• [Activity]: Nothing in the data should be left out, so repeat it all exactly.

-------------------------

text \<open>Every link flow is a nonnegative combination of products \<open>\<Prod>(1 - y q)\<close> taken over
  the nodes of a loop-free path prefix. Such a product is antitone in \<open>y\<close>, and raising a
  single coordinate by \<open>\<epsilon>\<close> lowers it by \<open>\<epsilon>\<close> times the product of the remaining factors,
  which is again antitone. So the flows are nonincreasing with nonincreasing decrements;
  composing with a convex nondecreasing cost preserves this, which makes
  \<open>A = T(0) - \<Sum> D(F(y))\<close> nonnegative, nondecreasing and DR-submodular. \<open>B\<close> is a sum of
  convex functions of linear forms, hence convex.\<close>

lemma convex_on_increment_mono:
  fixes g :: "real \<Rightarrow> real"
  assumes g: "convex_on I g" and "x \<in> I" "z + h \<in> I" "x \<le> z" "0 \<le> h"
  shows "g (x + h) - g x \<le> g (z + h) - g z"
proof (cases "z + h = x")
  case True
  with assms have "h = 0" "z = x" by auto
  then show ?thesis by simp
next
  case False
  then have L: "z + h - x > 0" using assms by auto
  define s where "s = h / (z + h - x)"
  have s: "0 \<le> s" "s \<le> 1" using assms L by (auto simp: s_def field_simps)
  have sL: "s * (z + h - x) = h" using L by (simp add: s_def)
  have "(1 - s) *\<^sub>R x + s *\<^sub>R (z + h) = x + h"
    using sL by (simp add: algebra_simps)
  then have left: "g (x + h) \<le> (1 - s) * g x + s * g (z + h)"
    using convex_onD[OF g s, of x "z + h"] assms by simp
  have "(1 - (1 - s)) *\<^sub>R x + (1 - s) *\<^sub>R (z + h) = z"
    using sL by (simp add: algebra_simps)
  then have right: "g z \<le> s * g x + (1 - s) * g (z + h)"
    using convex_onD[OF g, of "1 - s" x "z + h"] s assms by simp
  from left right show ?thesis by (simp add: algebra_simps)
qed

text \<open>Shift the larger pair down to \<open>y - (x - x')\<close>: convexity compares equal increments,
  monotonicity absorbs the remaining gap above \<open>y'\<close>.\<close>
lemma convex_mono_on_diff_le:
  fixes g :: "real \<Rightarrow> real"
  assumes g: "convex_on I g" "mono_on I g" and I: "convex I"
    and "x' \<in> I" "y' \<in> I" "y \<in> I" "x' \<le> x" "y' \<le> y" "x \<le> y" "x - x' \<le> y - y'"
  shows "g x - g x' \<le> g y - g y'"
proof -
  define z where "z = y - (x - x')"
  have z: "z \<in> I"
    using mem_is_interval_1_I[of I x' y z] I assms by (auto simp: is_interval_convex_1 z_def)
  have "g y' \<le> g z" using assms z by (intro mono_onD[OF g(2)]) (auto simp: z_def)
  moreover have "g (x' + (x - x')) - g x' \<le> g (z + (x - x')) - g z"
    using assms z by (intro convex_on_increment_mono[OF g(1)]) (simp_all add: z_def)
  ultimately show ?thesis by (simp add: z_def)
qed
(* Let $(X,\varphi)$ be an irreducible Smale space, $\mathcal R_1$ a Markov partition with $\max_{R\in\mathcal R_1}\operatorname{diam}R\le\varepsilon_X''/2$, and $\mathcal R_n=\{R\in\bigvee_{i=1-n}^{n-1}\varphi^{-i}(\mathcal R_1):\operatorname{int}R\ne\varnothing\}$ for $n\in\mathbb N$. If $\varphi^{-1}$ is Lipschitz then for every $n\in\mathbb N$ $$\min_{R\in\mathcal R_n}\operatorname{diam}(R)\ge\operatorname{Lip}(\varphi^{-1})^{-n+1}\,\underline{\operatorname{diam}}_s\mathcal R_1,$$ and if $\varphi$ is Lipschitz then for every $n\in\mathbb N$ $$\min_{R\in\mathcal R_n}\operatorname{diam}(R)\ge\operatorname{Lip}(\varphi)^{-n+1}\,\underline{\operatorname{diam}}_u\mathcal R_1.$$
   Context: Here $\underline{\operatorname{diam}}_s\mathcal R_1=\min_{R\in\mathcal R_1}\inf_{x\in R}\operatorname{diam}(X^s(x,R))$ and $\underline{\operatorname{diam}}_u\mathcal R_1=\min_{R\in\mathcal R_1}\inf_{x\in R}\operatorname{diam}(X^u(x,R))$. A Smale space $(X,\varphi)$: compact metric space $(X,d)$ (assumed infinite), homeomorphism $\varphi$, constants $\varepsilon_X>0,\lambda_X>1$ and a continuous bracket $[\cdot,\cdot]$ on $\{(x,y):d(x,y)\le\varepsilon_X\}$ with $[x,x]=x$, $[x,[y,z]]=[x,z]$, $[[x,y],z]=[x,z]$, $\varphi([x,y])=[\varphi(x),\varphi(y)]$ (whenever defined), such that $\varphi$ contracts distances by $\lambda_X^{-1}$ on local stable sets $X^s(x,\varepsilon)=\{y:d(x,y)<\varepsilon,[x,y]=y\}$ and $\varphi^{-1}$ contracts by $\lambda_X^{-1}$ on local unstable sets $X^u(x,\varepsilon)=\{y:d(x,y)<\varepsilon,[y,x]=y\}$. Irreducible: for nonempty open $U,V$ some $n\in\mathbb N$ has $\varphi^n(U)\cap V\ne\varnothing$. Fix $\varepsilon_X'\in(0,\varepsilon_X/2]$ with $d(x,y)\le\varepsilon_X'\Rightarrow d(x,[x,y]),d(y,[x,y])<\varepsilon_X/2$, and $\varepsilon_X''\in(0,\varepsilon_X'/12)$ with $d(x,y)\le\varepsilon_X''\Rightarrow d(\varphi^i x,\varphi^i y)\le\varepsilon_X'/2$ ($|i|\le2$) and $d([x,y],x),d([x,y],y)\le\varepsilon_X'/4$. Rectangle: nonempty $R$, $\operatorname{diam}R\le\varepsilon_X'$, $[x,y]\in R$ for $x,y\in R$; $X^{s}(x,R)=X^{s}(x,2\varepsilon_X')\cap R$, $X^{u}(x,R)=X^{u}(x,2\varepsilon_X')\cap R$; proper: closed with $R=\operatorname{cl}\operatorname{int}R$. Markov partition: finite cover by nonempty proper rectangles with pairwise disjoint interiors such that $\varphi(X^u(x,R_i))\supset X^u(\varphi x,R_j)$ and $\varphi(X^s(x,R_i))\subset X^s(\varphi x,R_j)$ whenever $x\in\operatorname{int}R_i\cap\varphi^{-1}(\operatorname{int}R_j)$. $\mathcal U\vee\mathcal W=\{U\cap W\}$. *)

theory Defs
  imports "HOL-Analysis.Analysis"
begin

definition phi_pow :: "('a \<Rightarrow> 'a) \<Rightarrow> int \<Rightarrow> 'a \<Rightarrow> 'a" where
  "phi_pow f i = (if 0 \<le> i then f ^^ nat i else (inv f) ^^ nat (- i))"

-------------------------

• [Expected answer]:
text \<open>Every link flow is a nonnegative combination of products \<open>\<Prod>(1 - y q)\<close> taken over
  the nodes of a loop-free path prefix. Such a product is antitone in \<open>y\<close>, and raising a
  single coordinate by \<open>\<epsilon>\<close> lowers it by \<open>\<epsilon>\<close> times the product of the remaining factors,
  which is again antitone. So the flows are nonincreasing with nonincreasing decrements;
  composing with a convex nondecreasing cost preserves this, which makes
  \<open>A = T(0) - \<Sum> D(F(y))\<close> nonnegative, nondecreasing and DR-submodular. \<open>B\<close> is a sum of
  convex functions of linear forms, hence convex.\<close>

lemma convex_on_increment_mono:
  fixes g :: "real \<Rightarrow> real"
  assumes g: "convex_on I g" and "x \<in> I" "z + h \<in> I" "x \<le> z" "0 \<le> h"
  shows "g (x + h) - g x \<le> g (z + h) - g z"
proof (cases "z + h = x")
  case True
  with assms have "h = 0" "z = x" by auto
  then show ?thesis by simp
next
  case False
  then have L: "z + h - x > 0" using assms by auto
  define s where "s = h / (z + h - x)"
  have s: "0 \<le> s" "s \<le> 1" using assms L by (auto simp: s_def field_simps)
  have sL: "s * (z + h - x) = h" using L by (simp add: s_def)
  have "(1 - s) *\<^sub>R x + s *\<^sub>R (z + h) = x + h"
    using sL by (simp add: algebra_simps)
  then have left: "g (x + h) \<le> (1 - s) * g x + s * g (z + h)"
    using convex_onD[OF g s, of x "z + h"] assms by simp
  have "(1 - (1 - s)) *\<^sub>R x + (1 - s) *\<^sub>R (z + h) = z"
    using sL by (simp add: algebra_simps)
  then have right: "g z \<le> s * g x + (1 - s) * g (z + h)"
    using convex_onD[OF g, of "1 - s" x "z + h"] s assms by simp
  from left right show ?thesis by (simp add: algebra_simps)
qed

text \<open>Shift the larger pair down to \<open>y - (x - x')\<close>: convexity compares equal increments,
  monotonicity absorbs the remaining gap above \<open>y'\<close>.\<close>
lemma convex_mono_on_diff_le:
  fixes g :: "real \<Rightarrow> real"
  assumes g: "convex_on I g" "mono_on I g" and I: "convex I"
    and "x' \<in> I" "y' \<in> I" "y \<in> I" "x' \<le> x" "y' \<le> y" "x \<le> y" "x - x' \<le> y - y'"
  shows "g x - g x' \<le> g y - g y'"
proof -
  define z where "z = y - (x - x')"
  have z: "z \<in> I"
    using mem_is_interval_1_I[of I x' y z] I assms by (auto simp: is_interval_convex_1 z_def)
  have "g y' \<le> g z" using assms z by (intro mono_onD[OF g(2)]) (auto simp: z_def)
  moreover have "g (x' + (x - x')) - g x' \<le> g (z + (x - x')) - g z"
    using assms z by (intro convex_on_increment_mono[OF g(1)]) (simp_all add: z_def)
  ultimately show ?thesis by (simp add: z_def)
qed
(* Let $(X,\varphi)$ be an irreducible Smale space, $\mathcal R_1$ a Markov partition with $\max_{R\in\mathcal R_1}\operatorname{diam}R\le\varepsilon_X''/2$, and $\mathcal R_n=\{R\in\bigvee_{i=1-n}^{n-1}\varphi^{-i}(\mathcal R_1):\operatorname{int}R\ne\varnothing\}$ for $n\in\mathbb N$. If $\varphi^{-1}$ is Lipschitz then for every $n\in\mathbb N$ $$\min_{R\in\mathcal R_n}\operatorname{diam}(R)\ge\operatorname{Lip}(\varphi^{-1})^{-n+1}\,\underline{\operatorname{diam}}_s\mathcal R_1,$$ and if $\varphi$ is Lipschitz then for every $n\in\mathbb N$ $$\min_{R\in\mathcal R_n}\operatorname{diam}(R)\ge\operatorname{Lip}(\varphi)^{-n+1}\,\underline{\operatorname{diam}}_u\mathcal R_1.$$
   Context: Here $\underline{\operatorname{diam}}_s\mathcal R_1=\min_{R\in\mathcal R_1}\inf_{x\in R}\operatorname{diam}(X^s(x,R))$ and $\underline{\operatorname{diam}}_u\mathcal R_1=\min_{R\in\mathcal R_1}\inf_{x\in R}\operatorname{diam}(X^u(x,R))$. A Smale space $(X,\varphi)$: compact metric space $(X,d)$ (assumed infinite), homeomorphism $\varphi$, constants $\varepsilon_X>0,\lambda_X>1$ and a continuous bracket $[\cdot,\cdot]$ on $\{(x,y):d(x,y)\le\varepsilon_X\}$ with $[x,x]=x$, $[x,[y,z]]=[x,z]$, $[[x,y],z]=[x,z]$, $\varphi([x,y])=[\varphi(x),\varphi(y)]$ (whenever defined), such that $\varphi$ contracts distances by $\lambda_X^{-1}$ on local stable sets $X^s(x,\varepsilon)=\{y:d(x,y)<\varepsilon,[x,y]=y\}$ and $\varphi^{-1}$ contracts by $\lambda_X^{-1}$ on local unstable sets $X^u(x,\varepsilon)=\{y:d(x,y)<\varepsilon,[y,x]=y\}$. Irreducible: for nonempty open $U,V$ some $n\in\mathbb N$ has $\varphi^n(U)\cap V\ne\varnothing$. Fix $\varepsilon_X'\in(0,\varepsilon_X/2]$ with $d(x,y)\le\varepsilon_X'\Rightarrow d(x,[x,y]),d(y,[x,y])<\varepsilon_X/2$, and $\varepsilon_X''\in(0,\varepsilon_X'/12)$ with $d(x,y)\le\varepsilon_X''\Rightarrow d(\varphi^i x,\varphi^i y)\le\varepsilon_X'/2$ ($|i|\le2$) and $d([x,y],x),d([x,y],y)\le\varepsilon_X'/4$. Rectangle: nonempty $R$, $\operatorname{diam}R\le\varepsilon_X'$, $[x,y]\in R$ for $x,y\in R$; $X^{s}(x,R)=X^{s}(x,2\varepsilon_X')\cap R$, $X^{u}(x,R)=X^{u}(x,2\varepsilon_X')\cap R$; proper: closed with $R=\operatorname{cl}\operatorname{int}R$. Markov partition: finite cover by nonempty proper rectangles with pairwise disjoint interiors such that $\varphi(X^u(x,R_i))\supset X^u(\varphi x,R_j)$ and $\varphi(X^s(x,R_i))\subset X^s(\varphi x,R_j)$ whenever $x\in\operatorname{int}R_i\cap\varphi^{-1}(\operatorname{int}R_j)$. $\mathcal U\vee\mathcal W=\{U\cap W\}$. *)

theory Defs
  imports "HOL-Analysis.Analysis"
begin

definition phi_pow :: "('a \<Rightarrow> 'a) \<Rightarrow> int \<Rightarrow> 'a \<Rightarrow> 'a" where
  "phi_pow f i = (if 0 \<le> i then f ^^ nat i else (inv f) ^^ nat (- i))"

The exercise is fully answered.